Sunday, July 27, 2008

Poker Can Save your Relationship


Don't complain when your man hangs with the guys -- it could be saving your relationship.



Your man walks in late after a night of poker with the guys, smelling like beer and stumbling into bed without so much as a "goodnight."

Heart Healthy
Having heart-to-hearts may actually reduce stress -- and the risk of heart disease.


Self-Esteem Kings
A night with the guys does wonders for self-image and self-esteem -- between all those beers is a lot of positive reinforcement.

Guy Gossip
There are some things your man just needs to share with his pals, like issues with money, parenting or relationships. Let him talk it out -- it's good for his psychological health to know he's not the only dude with issues.

Don't freak if your guy is spending a reasonable amount with the boys -- with all the health perks, you could be looking at a longer future together.


I got this from tyrabanks.com this morning as I try to find some things to comfort me today. I really feel so low that I can't sleep well after waking up at five am when I've gone to bed at twelve midnight.

Anyway, I find this article true. Though my spouse doesn't play poker with friends, he does spend night outs with them. I agree that his time with friends does him good coz he's able to have a nice time out. Besides, I'm well aware that I or nobody for that matter would ever be able to take his friends away from him. However, I can't help but comment the way other readers did.

They said that it's not an issue as long as their guy spends time with them. I believe that we women have a common understanding that for as long as our guy knows how to set their priorities, (and by that we mean us girls, and our family if applicable) then it's okay to go out and have fun. But what if, you feel being left out?

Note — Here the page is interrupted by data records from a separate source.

lemma rank_R_le_measurable:
  assumes k: "1 \<le> k" and x: "\<And>i. i \<in> {1..n} \<Longrightarrow> x i \<in> borel_measurable M"
    and a: "\<And>i j. i \<in> {1..n} \<Longrightarrow> j \<in> {1..<m} \<Longrightarrow> a i j \<in> borel_measurable M"
    and p: "p \<in> measurable M (count_space UNIV)"
  shows "{w \<in> space M. rank_R n k m (\<lambda>i. x i w) (\<lambda>i j. a i j w) (p w) \<theta> \<le> t} \<in> sets M"
proof -
  let ?S = "\<lambda>w. Sstat n k (\<lambda>i. x i w) (\<lambda>i j. a i j w) \<theta>"
  have "{w \<in> space M. prec_pi (p w) (?S w) 0 j} \<in> sets M" if j: "j \<in> {1..<m}" for j
  proof -
    have [measurable]: "(\<lambda>w. ?S w 0) \<in> borel_measurable M" "(\<lambda>w. ?S w j) \<in> borel_measurable M"
      using Sstat_measurable[OF k x a] j by auto
    have [measurable]: "{w \<in> space M. p w 0 < p w j} \<in> sets M"
      using measurable_sets[OF p, of "{q. q 0 < q j}"] by (simp add: vimage_def Int_def conj_commute)
    show ?thesis
      unfolding prec_pi_def by measurable
  qed
  then have "(\<lambda>w. real (card {j \<in> {1..<m}. prec_pi (p w) (?S w) 0 j})) \<in> borel_measurable M"
    by (intro borel_measurable_card_Collect) auto
  then have meas: "{w \<in> space M. 1 + real (card {j \<in> {1..<m}. prec_pi (p w) (?S w) 0 j}) \<le> real t} \<in> sets M"
    by measurable
  have "{w \<in> space M. rank_R n k m (\<lambda>i. x i w) (\<lambda>i j. a i j w) (p w) \<theta> \<le> t}
      = {w \<in> space M. 1 + real (card {j \<in> {1..<m}. prec_pi (p w) (?S w) 0 j}) \<le> real t}"
    unfolding rank_R_def by (intro Collect_cong conj_cong refl) linarith
  with meas show ?thesis
    by (simp only:)
qed

lemma rank_R_le_sets_PiM:
  assumes "1 \<le> k"
  shows "{y \<in> space (PiM {1..n} (\<lambda>_. borel)). rank_R n k m y a p \<theta> \<le> t} \<in> sets (PiM {1..n} (\<lambda>_. borel))"
  using rank_R_le_measurable[OF assms, of n "\<lambda>i y. y i" "PiM {1..n} (\<lambda>_. borel)" m "\<lambda>i j y. a i j" "\<lambda>y. p"]
  by (simp add: measurable_component_singleton)

lemma measurable_sign_flip [measurable]:
  "sign_flip I \<mu> s \<in> measurable (PiM I (\<lambda>_. borel)) (PiM I (\<lambda>_. borel))"
  unfolding sign_flip_def by measurable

I don't know if I'm just overreacting or being emotional, but I have been feeling that I'm the least of his priorities since God knows when. What saddens me more is the fact that he doesn't seem to make me feel special even on situations like my pregnancy. I feel like I get little support from him when I'm supposed to get special treatment.

With all of the difficulties this pregnancy has brought me, I came to a realization that I wouldn't want to get pregnant again after this. Not that I don't want to have another kid. I just don't want to experience feeling so alone when it comes to the hardship of this journey.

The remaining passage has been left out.